Problem requirements:
Go through each line of the entries below and tally those containing the string "definition"; give only the total.

Source material:
----------------
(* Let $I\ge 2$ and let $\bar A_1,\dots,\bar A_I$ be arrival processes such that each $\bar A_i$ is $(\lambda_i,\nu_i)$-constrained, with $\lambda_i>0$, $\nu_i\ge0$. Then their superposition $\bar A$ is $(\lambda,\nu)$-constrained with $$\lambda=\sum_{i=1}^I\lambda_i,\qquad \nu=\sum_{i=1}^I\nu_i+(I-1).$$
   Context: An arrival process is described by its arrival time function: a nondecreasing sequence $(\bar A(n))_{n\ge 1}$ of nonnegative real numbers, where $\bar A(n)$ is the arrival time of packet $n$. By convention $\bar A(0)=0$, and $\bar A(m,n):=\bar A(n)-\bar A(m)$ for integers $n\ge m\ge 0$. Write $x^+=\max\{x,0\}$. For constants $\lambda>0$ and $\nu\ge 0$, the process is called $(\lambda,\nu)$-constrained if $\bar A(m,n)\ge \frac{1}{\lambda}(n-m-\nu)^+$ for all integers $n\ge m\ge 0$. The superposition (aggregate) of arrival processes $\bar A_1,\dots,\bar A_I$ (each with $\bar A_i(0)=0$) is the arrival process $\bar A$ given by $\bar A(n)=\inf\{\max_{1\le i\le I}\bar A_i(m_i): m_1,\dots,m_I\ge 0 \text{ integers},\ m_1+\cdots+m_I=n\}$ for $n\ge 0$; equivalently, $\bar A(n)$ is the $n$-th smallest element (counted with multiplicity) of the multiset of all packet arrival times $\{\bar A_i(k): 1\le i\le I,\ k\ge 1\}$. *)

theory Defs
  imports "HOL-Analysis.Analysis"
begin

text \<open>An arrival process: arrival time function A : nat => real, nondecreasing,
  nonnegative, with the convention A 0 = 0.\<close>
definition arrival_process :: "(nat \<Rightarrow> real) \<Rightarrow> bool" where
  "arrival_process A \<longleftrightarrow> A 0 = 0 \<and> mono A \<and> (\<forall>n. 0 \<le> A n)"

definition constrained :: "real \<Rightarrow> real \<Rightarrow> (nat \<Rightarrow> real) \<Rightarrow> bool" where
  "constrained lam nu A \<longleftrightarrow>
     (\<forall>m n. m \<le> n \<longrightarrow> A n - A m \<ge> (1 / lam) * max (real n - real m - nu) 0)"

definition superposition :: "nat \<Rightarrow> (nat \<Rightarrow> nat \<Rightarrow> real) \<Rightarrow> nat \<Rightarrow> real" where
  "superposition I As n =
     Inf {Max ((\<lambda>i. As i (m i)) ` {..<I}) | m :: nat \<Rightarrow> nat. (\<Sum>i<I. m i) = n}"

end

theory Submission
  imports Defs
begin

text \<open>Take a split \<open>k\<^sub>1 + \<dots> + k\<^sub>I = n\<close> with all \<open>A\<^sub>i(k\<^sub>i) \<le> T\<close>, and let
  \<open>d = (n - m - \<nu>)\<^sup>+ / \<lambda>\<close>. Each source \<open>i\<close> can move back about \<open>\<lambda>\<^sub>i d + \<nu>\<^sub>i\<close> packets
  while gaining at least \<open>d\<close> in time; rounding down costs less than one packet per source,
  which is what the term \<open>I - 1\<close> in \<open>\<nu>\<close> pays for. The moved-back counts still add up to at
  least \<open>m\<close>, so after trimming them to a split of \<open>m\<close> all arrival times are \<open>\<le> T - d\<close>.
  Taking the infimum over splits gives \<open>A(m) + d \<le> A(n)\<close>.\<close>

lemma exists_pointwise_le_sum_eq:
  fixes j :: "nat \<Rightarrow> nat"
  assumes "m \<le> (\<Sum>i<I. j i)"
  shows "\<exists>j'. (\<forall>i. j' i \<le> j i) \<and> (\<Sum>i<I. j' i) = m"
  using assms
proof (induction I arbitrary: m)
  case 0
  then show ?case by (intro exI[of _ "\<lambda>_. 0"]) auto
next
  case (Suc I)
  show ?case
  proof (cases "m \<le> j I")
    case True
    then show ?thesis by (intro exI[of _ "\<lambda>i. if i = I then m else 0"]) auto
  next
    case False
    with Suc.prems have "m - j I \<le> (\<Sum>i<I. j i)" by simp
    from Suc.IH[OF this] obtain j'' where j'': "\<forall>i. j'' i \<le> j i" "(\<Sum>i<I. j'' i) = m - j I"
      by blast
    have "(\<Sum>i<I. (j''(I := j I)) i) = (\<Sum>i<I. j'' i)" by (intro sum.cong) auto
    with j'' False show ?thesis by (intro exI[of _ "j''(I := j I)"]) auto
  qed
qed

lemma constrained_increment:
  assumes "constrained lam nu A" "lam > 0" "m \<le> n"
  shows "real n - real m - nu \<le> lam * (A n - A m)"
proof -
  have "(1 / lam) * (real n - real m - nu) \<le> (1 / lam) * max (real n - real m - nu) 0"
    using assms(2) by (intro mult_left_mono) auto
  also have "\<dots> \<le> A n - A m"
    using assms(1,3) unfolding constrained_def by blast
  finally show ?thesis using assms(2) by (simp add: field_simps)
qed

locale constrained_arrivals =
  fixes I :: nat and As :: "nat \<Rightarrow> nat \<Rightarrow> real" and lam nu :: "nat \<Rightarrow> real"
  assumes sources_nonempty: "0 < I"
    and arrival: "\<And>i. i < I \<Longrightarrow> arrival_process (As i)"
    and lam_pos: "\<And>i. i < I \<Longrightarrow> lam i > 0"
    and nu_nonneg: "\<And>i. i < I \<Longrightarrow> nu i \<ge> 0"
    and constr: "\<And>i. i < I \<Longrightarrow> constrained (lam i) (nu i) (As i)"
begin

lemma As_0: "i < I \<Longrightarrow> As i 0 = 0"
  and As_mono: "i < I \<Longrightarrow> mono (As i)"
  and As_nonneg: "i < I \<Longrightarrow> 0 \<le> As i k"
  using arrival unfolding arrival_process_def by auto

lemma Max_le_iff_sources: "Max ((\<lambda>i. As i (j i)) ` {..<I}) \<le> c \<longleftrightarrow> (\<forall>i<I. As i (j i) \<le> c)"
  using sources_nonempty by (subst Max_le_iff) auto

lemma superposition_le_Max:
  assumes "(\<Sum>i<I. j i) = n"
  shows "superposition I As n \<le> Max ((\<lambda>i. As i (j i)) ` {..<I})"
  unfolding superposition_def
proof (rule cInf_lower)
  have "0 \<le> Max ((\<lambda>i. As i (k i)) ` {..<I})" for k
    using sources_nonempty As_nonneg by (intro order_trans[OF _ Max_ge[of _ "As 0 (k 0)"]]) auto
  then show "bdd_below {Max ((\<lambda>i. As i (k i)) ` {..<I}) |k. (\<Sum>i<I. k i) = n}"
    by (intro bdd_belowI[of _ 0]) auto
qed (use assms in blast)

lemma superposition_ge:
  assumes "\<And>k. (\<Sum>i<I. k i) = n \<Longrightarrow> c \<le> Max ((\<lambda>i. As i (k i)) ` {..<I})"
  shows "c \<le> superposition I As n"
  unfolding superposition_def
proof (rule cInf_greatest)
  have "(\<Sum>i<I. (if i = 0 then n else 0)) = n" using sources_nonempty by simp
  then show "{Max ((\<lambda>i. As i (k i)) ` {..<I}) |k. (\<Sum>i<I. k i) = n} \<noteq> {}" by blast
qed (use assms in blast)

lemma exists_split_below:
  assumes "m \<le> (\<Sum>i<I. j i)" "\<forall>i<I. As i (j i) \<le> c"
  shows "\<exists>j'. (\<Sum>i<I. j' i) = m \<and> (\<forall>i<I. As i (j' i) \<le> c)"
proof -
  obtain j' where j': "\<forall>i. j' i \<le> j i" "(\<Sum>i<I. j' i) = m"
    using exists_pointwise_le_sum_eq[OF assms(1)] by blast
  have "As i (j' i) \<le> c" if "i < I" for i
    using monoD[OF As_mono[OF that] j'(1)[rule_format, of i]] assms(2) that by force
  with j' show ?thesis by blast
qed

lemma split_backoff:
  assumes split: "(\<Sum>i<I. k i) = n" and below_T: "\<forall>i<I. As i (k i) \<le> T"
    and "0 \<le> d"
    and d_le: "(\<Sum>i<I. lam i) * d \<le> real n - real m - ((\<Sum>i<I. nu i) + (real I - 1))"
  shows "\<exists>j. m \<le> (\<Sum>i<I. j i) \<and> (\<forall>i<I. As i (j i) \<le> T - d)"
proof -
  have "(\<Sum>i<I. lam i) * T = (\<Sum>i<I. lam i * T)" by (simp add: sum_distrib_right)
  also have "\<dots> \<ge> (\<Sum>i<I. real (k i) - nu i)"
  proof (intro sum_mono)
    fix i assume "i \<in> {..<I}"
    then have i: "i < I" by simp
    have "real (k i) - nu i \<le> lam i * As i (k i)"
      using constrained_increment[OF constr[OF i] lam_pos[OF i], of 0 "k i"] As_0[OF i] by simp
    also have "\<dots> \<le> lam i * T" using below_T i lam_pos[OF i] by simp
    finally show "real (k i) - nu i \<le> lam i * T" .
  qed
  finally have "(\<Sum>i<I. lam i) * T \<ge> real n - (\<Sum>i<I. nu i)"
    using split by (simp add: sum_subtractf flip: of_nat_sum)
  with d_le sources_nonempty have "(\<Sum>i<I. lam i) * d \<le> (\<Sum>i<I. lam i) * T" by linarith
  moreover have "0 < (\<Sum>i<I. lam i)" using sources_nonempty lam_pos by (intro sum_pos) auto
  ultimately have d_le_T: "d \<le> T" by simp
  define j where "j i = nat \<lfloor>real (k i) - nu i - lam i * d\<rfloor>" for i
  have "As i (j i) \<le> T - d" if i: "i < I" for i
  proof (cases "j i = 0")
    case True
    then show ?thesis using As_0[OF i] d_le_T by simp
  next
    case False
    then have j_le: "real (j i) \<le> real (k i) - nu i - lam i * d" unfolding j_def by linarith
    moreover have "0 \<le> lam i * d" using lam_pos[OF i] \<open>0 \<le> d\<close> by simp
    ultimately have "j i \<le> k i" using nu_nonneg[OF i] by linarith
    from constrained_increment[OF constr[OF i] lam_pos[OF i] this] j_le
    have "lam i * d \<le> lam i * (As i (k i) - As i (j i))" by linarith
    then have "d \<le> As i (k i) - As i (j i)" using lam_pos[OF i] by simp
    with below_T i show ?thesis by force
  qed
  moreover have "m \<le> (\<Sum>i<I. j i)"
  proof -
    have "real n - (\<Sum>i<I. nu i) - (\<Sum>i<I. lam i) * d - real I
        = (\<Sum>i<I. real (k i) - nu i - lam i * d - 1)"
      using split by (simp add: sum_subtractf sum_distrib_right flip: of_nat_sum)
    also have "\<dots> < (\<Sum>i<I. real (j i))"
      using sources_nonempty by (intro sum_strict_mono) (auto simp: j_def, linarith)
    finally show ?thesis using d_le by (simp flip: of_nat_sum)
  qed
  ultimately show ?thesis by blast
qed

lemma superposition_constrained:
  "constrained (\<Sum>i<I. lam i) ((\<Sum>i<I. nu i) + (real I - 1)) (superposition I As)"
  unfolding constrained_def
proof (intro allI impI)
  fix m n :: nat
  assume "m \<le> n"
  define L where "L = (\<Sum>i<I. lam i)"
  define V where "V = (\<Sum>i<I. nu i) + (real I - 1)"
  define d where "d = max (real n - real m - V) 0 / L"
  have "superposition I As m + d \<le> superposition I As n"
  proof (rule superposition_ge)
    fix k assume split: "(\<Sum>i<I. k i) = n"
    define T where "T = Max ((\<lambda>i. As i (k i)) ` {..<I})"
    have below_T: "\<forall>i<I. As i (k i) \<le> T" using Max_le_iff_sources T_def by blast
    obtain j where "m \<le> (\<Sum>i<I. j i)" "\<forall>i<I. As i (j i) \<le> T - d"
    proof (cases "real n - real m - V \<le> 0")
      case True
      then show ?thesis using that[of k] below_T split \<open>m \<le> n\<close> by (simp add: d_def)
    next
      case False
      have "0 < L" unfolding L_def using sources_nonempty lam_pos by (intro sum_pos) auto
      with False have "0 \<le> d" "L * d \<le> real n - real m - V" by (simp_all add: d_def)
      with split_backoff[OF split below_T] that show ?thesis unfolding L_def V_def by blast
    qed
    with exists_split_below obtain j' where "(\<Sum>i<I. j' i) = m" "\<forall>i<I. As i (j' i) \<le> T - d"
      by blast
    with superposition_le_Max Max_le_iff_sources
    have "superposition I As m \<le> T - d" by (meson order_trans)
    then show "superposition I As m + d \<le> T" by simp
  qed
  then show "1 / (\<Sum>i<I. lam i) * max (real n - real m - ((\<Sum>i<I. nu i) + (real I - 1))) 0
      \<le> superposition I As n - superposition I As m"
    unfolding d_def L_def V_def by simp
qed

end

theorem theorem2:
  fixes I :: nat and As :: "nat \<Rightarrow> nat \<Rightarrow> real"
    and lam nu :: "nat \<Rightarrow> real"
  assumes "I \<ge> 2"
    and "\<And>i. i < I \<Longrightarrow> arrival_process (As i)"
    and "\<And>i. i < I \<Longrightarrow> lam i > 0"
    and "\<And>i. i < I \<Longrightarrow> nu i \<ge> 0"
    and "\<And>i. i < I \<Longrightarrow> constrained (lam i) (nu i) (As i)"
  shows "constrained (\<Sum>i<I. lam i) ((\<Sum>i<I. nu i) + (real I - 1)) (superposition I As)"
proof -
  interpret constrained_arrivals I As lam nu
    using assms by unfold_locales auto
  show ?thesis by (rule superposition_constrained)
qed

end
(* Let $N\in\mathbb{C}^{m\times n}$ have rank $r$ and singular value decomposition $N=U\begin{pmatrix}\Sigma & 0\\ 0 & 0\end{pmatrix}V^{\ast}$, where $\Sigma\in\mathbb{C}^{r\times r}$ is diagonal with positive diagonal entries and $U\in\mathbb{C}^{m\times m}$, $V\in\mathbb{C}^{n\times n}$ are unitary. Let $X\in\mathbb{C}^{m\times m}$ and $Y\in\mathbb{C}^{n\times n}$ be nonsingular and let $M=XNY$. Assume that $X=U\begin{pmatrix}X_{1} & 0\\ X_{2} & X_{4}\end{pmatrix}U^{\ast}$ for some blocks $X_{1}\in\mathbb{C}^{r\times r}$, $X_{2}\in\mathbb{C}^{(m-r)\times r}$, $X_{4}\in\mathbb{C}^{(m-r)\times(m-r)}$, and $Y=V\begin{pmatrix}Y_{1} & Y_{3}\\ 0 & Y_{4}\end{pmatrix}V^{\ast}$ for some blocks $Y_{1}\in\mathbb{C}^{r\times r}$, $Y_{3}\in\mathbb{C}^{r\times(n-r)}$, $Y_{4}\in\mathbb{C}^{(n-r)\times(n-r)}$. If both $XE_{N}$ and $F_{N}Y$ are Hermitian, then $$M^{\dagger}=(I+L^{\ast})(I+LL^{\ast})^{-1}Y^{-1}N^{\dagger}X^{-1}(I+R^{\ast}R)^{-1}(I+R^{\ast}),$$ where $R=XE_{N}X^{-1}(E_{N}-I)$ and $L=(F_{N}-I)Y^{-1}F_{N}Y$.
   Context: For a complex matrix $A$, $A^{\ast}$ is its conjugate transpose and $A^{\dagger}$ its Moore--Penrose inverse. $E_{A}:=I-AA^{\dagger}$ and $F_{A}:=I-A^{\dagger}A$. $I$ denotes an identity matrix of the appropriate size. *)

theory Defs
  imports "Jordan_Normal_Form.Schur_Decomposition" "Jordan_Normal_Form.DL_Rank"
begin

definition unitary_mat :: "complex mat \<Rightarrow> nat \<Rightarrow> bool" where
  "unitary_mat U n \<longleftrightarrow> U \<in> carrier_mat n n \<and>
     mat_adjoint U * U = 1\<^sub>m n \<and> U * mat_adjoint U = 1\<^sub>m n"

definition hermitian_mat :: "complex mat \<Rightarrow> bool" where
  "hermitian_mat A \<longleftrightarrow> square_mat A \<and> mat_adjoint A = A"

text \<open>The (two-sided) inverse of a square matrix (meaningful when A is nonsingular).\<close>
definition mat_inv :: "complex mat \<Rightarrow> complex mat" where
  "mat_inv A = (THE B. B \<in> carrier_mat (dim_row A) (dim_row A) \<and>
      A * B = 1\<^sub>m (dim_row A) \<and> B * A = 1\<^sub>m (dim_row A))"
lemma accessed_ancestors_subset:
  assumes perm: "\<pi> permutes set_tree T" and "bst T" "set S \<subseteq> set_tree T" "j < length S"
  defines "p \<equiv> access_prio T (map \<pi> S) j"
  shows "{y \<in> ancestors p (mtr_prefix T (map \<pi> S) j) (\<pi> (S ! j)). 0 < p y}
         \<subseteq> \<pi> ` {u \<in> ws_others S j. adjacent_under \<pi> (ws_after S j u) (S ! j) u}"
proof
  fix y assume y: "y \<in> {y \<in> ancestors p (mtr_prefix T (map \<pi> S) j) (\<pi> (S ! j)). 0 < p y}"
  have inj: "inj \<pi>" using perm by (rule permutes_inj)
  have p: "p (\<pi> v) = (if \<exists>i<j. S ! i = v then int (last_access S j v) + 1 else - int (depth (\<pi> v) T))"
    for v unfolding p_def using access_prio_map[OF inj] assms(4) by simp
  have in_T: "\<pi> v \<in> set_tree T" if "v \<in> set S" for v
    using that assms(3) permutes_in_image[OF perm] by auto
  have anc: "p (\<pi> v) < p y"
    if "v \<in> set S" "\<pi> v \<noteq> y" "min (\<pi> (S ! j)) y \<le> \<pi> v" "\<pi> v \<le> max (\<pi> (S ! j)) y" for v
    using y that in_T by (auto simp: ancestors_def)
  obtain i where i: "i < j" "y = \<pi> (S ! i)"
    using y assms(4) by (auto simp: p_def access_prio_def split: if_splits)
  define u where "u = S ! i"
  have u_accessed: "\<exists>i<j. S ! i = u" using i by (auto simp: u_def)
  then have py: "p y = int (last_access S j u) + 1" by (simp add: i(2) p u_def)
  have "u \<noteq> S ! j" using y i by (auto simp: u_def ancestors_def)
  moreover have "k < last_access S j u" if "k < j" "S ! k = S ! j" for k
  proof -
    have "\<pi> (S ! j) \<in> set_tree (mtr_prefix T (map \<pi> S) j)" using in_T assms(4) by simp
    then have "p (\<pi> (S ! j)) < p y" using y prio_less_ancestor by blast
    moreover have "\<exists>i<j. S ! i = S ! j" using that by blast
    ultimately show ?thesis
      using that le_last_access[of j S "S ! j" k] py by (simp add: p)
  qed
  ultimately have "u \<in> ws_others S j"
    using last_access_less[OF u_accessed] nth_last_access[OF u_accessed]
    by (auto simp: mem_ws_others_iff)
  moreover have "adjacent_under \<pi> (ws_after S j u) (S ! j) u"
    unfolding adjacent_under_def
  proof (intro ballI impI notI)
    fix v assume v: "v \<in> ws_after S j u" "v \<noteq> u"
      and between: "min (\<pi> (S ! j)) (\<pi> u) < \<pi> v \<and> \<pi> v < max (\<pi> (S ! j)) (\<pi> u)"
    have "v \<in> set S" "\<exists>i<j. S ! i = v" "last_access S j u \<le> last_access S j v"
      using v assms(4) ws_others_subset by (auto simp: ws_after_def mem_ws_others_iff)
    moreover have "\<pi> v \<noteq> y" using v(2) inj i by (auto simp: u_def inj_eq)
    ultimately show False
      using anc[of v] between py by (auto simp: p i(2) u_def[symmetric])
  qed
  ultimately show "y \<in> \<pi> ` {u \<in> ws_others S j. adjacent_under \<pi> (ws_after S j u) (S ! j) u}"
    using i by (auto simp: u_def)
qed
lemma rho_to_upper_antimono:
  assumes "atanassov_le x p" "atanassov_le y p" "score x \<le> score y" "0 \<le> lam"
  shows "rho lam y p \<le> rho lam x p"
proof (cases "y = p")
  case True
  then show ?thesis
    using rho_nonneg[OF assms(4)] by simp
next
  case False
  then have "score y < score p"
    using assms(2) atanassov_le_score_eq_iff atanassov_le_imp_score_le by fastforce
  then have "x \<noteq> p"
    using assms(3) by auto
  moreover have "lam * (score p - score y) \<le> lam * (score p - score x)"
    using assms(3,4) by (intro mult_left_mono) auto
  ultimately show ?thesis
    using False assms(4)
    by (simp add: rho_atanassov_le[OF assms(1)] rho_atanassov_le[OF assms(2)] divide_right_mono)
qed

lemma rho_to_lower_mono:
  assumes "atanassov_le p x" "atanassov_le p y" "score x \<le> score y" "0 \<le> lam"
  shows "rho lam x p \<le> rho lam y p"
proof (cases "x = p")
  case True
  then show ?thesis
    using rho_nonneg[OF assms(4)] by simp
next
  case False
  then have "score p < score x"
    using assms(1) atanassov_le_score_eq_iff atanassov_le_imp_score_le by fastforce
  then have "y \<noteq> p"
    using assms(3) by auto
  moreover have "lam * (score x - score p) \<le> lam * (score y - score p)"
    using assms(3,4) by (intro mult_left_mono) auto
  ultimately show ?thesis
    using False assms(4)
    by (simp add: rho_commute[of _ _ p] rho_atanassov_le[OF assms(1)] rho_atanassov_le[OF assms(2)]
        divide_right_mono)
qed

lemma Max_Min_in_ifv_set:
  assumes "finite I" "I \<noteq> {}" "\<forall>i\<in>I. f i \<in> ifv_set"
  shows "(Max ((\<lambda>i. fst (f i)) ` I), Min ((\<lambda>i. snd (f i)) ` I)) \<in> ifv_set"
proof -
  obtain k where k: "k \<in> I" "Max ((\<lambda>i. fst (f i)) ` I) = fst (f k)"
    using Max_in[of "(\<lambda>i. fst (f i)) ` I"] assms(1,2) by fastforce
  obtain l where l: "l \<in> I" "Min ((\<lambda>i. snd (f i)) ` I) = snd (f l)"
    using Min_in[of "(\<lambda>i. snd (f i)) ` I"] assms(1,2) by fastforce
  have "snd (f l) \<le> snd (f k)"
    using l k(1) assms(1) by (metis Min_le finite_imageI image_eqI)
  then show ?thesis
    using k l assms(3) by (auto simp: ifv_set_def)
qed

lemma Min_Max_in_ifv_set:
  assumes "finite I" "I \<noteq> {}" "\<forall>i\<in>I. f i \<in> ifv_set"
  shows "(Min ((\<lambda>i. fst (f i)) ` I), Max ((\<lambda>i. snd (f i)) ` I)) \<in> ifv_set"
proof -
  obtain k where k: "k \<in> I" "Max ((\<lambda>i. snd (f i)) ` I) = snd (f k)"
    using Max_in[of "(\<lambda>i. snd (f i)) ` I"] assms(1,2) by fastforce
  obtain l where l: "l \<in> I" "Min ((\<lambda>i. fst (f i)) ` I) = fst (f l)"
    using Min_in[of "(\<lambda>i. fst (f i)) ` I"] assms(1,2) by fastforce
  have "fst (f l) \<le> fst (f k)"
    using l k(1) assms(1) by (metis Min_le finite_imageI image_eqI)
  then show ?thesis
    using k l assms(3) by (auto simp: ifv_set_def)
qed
----------------
Answer section:
6